Now, Dirtybird is one of the United States’ most popular house music labels. This year it celebrates 15 years in business with a new album from Crenshaw, Freaks & Beaks, out Feb. 21.

Before Dirtybird acquired a cult following for touring house music barbecues and festivals, Crenshaw remembers, he and his collaborators Chris and Justin Martin weren’t always embraced in the Lower Haight dance scene. In fact, it took them blowing up in Europe after their third release, Crenshaw’s Deep Throat, for the label’s hometown to catch on.


“In the Lower Haight, you’d really have to earn it. It was kind of too cool for school,” Crenshaw says. “It was hard for them to accept this gritty, bumpy, slightly aggressive, dirtier sound.”

Yet the initial lukewarm reception didn’t deter Crenshaw. An outsider approach has always been part of his hallmark: though originally from Detroit, the birthplace of techno, he was a hip-hop head growing up and didn’t attend his first rave until he was 25 years old. His route to becoming a house music producer was an unconventional one. While embarking on a career in film (he was a production assistant on 1997’s Batman & Robin and Con Air) he began an ambitious self-funded project: an exhaustive documentary on the history of electronic music, titled Intellect.

For Intellect, Crenshaw interviewed over 50 DJs, including big names like Derrick May and Paul Van Dyk. While filming the project, he ran out of money—then borrowed money from friends, and ran out of that. (“Everyone hated me,” he says.) Because he didn’t have enough funds to license music from all the artists he interviewed in the film, he had to learn to figure out how to make the soundtrack himself, creating his own interpretations of the featured DJs’ styles.

“It was kind of like graduate school—I made my own grad school, basically,” he says.

As Crenshaw found his groove as a producer, a scene began to coalesce around Dirtybird in the late 2000s. Artists like J.Phlip, Worthy, Tim Green and Style of Eye joined the label, and Crenshaw began curating Dirtybird parties at the Mezzanine—one of the venue’s biggest draws from 2008 until it closed on New Year’s Eve last year.
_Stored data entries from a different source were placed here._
definition LB :: "(real \<Rightarrow> real) set" where
  "LB = {f. (\<forall>x. \<bar>f x\<bar> \<le> 1) \<and> (\<forall>x y. \<bar>f x - f y\<bar> \<le> \<bar>x - y\<bar>)}"

definition LB_dist :: "real measure \<Rightarrow> real measure \<Rightarrow> real" where
  "LB_dist \<mu> \<nu> = (SUP f\<in>LB. \<bar>(\<integral>x. f x \<partial>\<mu>) - (\<integral>x. f x \<partial>\<nu>)\<bar>)"

definition couplings :: "real measure \<Rightarrow> real measure \<Rightarrow> (real \<times> real) measure set" where
  "couplings P Q = {\<zeta>. prob_space \<zeta> \<and> sets \<zeta> = sets (borel \<Otimes>\<^sub>M borel :: (real \<times> real) measure)
                      \<and> distr \<zeta> borel fst = P \<and> distr \<zeta> borel snd = Q}"

definition wasserstein :: "real measure \<Rightarrow> real measure \<Rightarrow> ennreal" where
  "wasserstein P Q = (INF \<zeta>\<in>couplings P Q. \<integral>\<^sup>+ p. ennreal \<bar>fst p - snd p\<bar> \<partial>\<zeta>)"

end

theory Submission
  imports Defs
begin

(* Given any coupling \<zeta> of P and Q, draw k independent pairs (x_i, y_i) from \<zeta>: the x_i are
   an i.i.d. sample from P and the y_i one from Q, so T_k(x, P) and T_k(y, Q) realise psi_k(P)
   and psi_k(Q) on a common probability space. For f in LB, the difference of the expectations
   of f is then at most E |T_k(x, P) - T_k(y, Q)|, and as t \<mapsto> max t 0 is 1-Lipschitz this
   is at most sqrt k (E_\<zeta> |x - y| + |E_P Z - E_Q Z|) \<le> 2 sqrt k E_\<zeta> |x - y|; now take the
   infimum over couplings. *)

lemma ennreal_le_mult_INF:
  fixes a c :: ennreal
  assumes c: "0 < c" "c \<noteq> \<top>" and le: "\<And>i. i \<in> I \<Longrightarrow> a \<le> c * g i"
  shows "a \<le> c * (INF i\<in>I. g i)"
proof -
  have "a / c \<le> (INF i\<in>I. g i)"
    using le c(1) by (intro INF_greatest divide_le_posI_ennreal) auto
  then have "c * (a / c) \<le> c * (INF i\<in>I. g i)"
    by (rule mult_left_mono) simp
  moreover have "c * (a / c) = a"
    using c by (simp add: ennreal_times_divide mult.commute[of c] mult_divide_eq_ennreal)
  ultimately show ?thesis by simp
qed

lemma (in prob_space) integral_PiM_sum_components:
  assumes I: "finite I" and g: "integrable M g"
  shows "integrable (PiM I (\<lambda>_. M)) (\<lambda>w. \<Sum>i\<in>I. g (w i))"
    and "(\<integral>w. (\<Sum>i\<in>I. g (w i)) \<partial>PiM I (\<lambda>_. M)) = real (card I) * (\<integral>x. g x \<partial>M)"
proof -
  interpret product_prob_space "\<lambda>_. M" I
    by unfold_locales
  have gm: "g \<in> borel_measurable M" using g by simp
  have comp: "(\<lambda>w. w i) \<in> measurable (PiM I (\<lambda>_. M)) M" if "i \<in> I" for i
    using that by (intro measurable_component_singleton)
  have int_i: "integrable (PiM I (\<lambda>_. M)) (\<lambda>w. g (w i))" if "i \<in> I" for i
    using integrable_distr_eq[OF comp[OF that] gm] PiM_component[OF that] g by simp
  have eq_i: "(\<integral>w. g (w i) \<partial>PiM I (\<lambda>_. M)) = (\<integral>x. g x \<partial>M)" if "i \<in> I" for i
    using integral_distr[OF comp[OF that] gm] PiM_component[OF that] by simp
  show "integrable (PiM I (\<lambda>_. M)) (\<lambda>w. \<Sum>i\<in>I. g (w i))"
    using int_i by (intro Bochner_Integration.integrable_sum)
  show "(\<integral>w. (\<Sum>i\<in>I. g (w i)) \<partial>PiM I (\<lambda>_. M)) = real (card I) * (\<integral>x. g x \<partial>M)"
    using int_i eq_i by (simp add: Bochner_Integration.integral_sum)
qed

lemma LB_borel_measurable:
  assumes "f \<in> LB"
  shows "f \<in> borel_measurable borel"
proof -
  have "1-lipschitz_on UNIV f"
    using assms by (intro lipschitz_onI) (auto simp: LB_def dist_real_def)
  then show ?thesis
    by (intro borel_measurable_continuous_onI lipschitz_on_continuous_on)
qed

lemma couplingsD:
  assumes "\<zeta> \<in> couplings P Q"
  shows "prob_space \<zeta>" and "distr \<zeta> borel fst = P" and "distr \<zeta> borel snd = Q"
    and "fst \<in> borel_measurable \<zeta>" and "snd \<in> borel_measurable \<zeta>"
proof -
  have "sets \<zeta> = sets (borel \<Otimes>\<^sub>M borel :: (real \<times> real) measure)"
    using assms by (simp add: couplings_def)
  then have meas_eq:
      "borel_measurable \<zeta> = borel_measurable (borel \<Otimes>\<^sub>M borel :: (real \<times> real) measure)"
    by (rule measurable_cong_sets) simp
  show "fst \<in> borel_measurable \<zeta>" and "snd \<in> borel_measurable \<zeta>"
    unfolding meas_eq by measurable
  show "prob_space \<zeta>" and "distr \<zeta> borel fst = P" and "distr \<zeta> borel snd = Q"
    using assms by (auto simp: couplings_def)
qed

lemma T_stat_cong:
  assumes "\<And>i. i < k \<Longrightarrow> z i = z' i"
  shows "T_stat k z P = T_stat k z' P"
proof -
  have "(\<Sum>i<k. z i) = (\<Sum>i<k. z' i)" using assms by simp
  then show ?thesis unfolding T_stat_def by simp
qed

lemma T_stat_borel_measurable:
  assumes M: "sets M = sets borel" and I: "{..<k} \<subseteq> I"
  shows "(\<lambda>z. T_stat k z P) \<in> borel_measurable (PiM I (\<lambda>_. M))"
proof -
  have "sets (PiM I (\<lambda>_. M)) = sets (PiM I (\<lambda>_. borel :: real measure))"
    by (rule sets_PiM_cong) (auto simp: M)
  moreover have "(\<lambda>z. T_stat k z P) \<in> borel_measurable (PiM I (\<lambda>_. borel :: real measure))"
    unfolding T_stat_def by measurable (use I in auto)
  ultimately show ?thesis
    by (simp cong: measurable_cong_sets)
qed

lemma abs_T_stat_diff_le:
  shows "\<bar>T_stat k x P - T_stat k y Q\<bar> \<le>
    sqrt (real k) / real k * (\<Sum>i<k. \<bar>x i - y i\<bar>)
    + sqrt (real k) * \<bar>max (\<integral>t. t \<partial>P) 0 - max (\<integral>t. t \<partial>Q) 0\<bar>"
proof -
  let ?A = "(\<Sum>i<k. x i) / real k" and ?B = "(\<Sum>i<k. y i) / real k"
  let ?mP = "max (\<integral>t. t \<partial>P) 0" and ?mQ = "max (\<integral>t. t \<partial>Q) 0"
  have max_le: "\<bar>max a 0 - max b 0\<bar> \<le> \<bar>a - b\<bar>" for a b :: real
    by (simp add: max_def)
  have "\<bar>?A - ?B\<bar> = \<bar>\<Sum>i<k. x i - y i\<bar> / real k"
    by (simp add: diff_divide_distrib[symmetric] sum_subtractf)
  also have "\<dots> \<le> (\<Sum>i<k. \<bar>x i - y i\<bar>) / real k"
    by (intro divide_right_mono sum_abs) simp
  finally have mean_le: "\<bar>?A - ?B\<bar> \<le> (\<Sum>i<k. \<bar>x i - y i\<bar>) / real k" .
  have "T_stat k x P - T_stat k y Q = sqrt (real k) * ((max ?A 0 - max ?B 0) - (?mP - ?mQ))"
    unfolding T_stat_def by (simp add: right_diff_distrib)
  then have "\<bar>T_stat k x P - T_stat k y Q\<bar> = sqrt (real k) * \<bar>(max ?A 0 - max ?B 0) - (?mP - ?mQ)\<bar>"
    by (simp add: abs_mult)
  also have "\<dots> \<le> sqrt (real k) * (\<bar>max ?A 0 - max ?B 0\<bar> + \<bar>?mP - ?mQ\<bar>)"
    by (intro mult_left_mono abs_triangle_ineq4) simp
  also have "\<dots> \<le> sqrt (real k) * ((\<Sum>i<k. \<bar>x i - y i\<bar>) / real k + \<bar>?mP - ?mQ\<bar>)"
    by (intro mult_left_mono add_right_mono order_trans[OF max_le mean_le]) simp
  finally show ?thesis
    by (simp add: distrib_left)
qed

lemma integral_psi_eq_PiM_finite:
  fixes h :: "real \<Rightarrow> real"
  assumes P: "borel_prob P" and h: "h \<in> borel_measurable borel"
  shows "(\<integral>x. h x \<partial>psi k P) = (\<integral>z. h (T_stat k z P) \<partial>PiM {..<k} (\<lambda>_. P))"
proof -
  have sP: "sets P = sets borel" and pP: "prob_space P"
    using P by (auto simp: borel_prob_def)
  interpret P: product_prob_space "\<lambda>_::nat. P" UNIV
    by (rule product_prob_spaceI) (rule pP)
  note T_meas = T_stat_borel_measurable[OF sP]
  have "(\<integral>x. h x \<partial>psi k P) = (\<integral>z. h (T_stat k z P) \<partial>PiM UNIV (\<lambda>_. P))"
    unfolding psi_def by (rule integral_distr[OF T_meas[OF subset_UNIV] h])
  also have "\<dots> = (\<integral>z. h (T_stat k (restrict z {..<k}) P) \<partial>PiM UNIV (\<lambda>_. P))"
    by (intro Bochner_Integration.integral_cong refl arg_cong[where f=h] T_stat_cong) simp
  also have "\<dots> = (\<integral>z. h (T_stat k z P)
      \<partial>distr (PiM UNIV (\<lambda>_. P)) (PiM {..<k} (\<lambda>_. P)) (\<lambda>z. restrict z {..<k}))"
    by (rule integral_distr[symmetric, OF measurable_restrict_subset[OF subset_UNIV]
          measurable_compose[OF T_meas[OF order_refl] h]])
  also have "\<dots> = (\<integral>z. h (T_stat k z P) \<partial>PiM {..<k} (\<lambda>_. P))"
    using P.distr_PiM_restrict_finite[of "{..<k}"] by simp
  finally show ?thesis .
qed

lemma integral_psi_eq_PiM_distr:
  fixes h :: "real \<Rightarrow> real"
  assumes P: "borel_prob P" and M: "prob_space M" and X: "X \<in> borel_measurable M"
    and law: "distr M borel X = P" and h: "h \<in> borel_measurable borel"
  shows "(\<integral>x. h x \<partial>psi k P) = (\<integral>w. h (T_stat k (\<lambda>i. X (w i)) P) \<partial>PiM {..<k} (\<lambda>_. M))"
proof -
  have sP: "sets P = sets borel" and pP: "prob_space P"
    using P by (auto simp: borel_prob_def)
  have XP: "X \<in> measurable M P"
    using X by (simp cong: measurable_cong_sets add: sP)
  have lawP: "distr M P X = P"
    using law by (metis distr_cong sP)
  have X_comp: "compose {..<k} X \<in> measurable (PiM {..<k} (\<lambda>_. M)) (PiM {..<k} (\<lambda>_. P))"
    unfolding compose_def
    by (rule measurable_restrict)
      (rule measurable_compose[OF measurable_component_singleton[where M="\<lambda>_. M"] XP]; simp)
  have hT: "(\<lambda>z. h (T_stat k z P)) \<in> borel_measurable (PiM {..<k} (\<lambda>_. P))"
    using T_stat_borel_measurable[OF sP order_refl] h by measurable
  have "(\<integral>x. h x \<partial>psi k P) = (\<integral>z. h (T_stat k z P) \<partial>PiM {..<k} (\<lambda>_. P))"
    by (rule integral_psi_eq_PiM_finite[OF P h])
  also have "PiM {..<k} (\<lambda>_. P) = distr (PiM {..<k} (\<lambda>_. M)) (PiM {..<k} (\<lambda>_. P)) (compose {..<k} X)"
    by (subst distr_PiM_finite_prob_space') (auto simp: M pP XP lawP)
  also have "(\<integral>z. h (T_stat k z P) \<partial>\<dots>)
      = (\<integral>w. h (T_stat k (compose {..<k} X w) P) \<partial>PiM {..<k} (\<lambda>_. M))"
    by (rule integral_distr[OF X_comp hT])
  also have "\<dots> = (\<integral>w. h (T_stat k (\<lambda>i. X (w i)) P) \<partial>PiM {..<k} (\<lambda>_. M))"
    by (intro Bochner_Integration.integral_cong refl arg_cong[where f=h] T_stat_cong)
      (simp add: compose_def)
  finally show ?thesis .
qed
After Crenshaw relocated to Los Angeles (he regularly returns to San Francisco for Dirtybird events), business continued to pick up. In 2015, Crenshaw started the Dirtybird Campout, which takes place this year in Modesto. He’s intentionally kept the event small (at around 7,000 attendees) to retain its feeling of intimacy. Unlike at EDM mega-fests like Electric Daisy Carnival, DJs and fans alike participate in summer camp activities like archery and kayaking, and dance parties rage on until sunrise.

With the help of his wife, Aundy, who is the label’s chief operating and marketing officer, Crenshaw has grown Dirtybird in many different directions: live events on both coasts, the Birdhouse Radio Show, merch, even an art book (also out Feb. 21) illustrated by San Francisco artist Jeremy Fish. Yet through it all, the label has remained independent and held on to its outsider appeal.

“We have a vibe—it’s not a big barrier between the artists the fans at our shows,” Crenshaw says. “No one is untouchable.”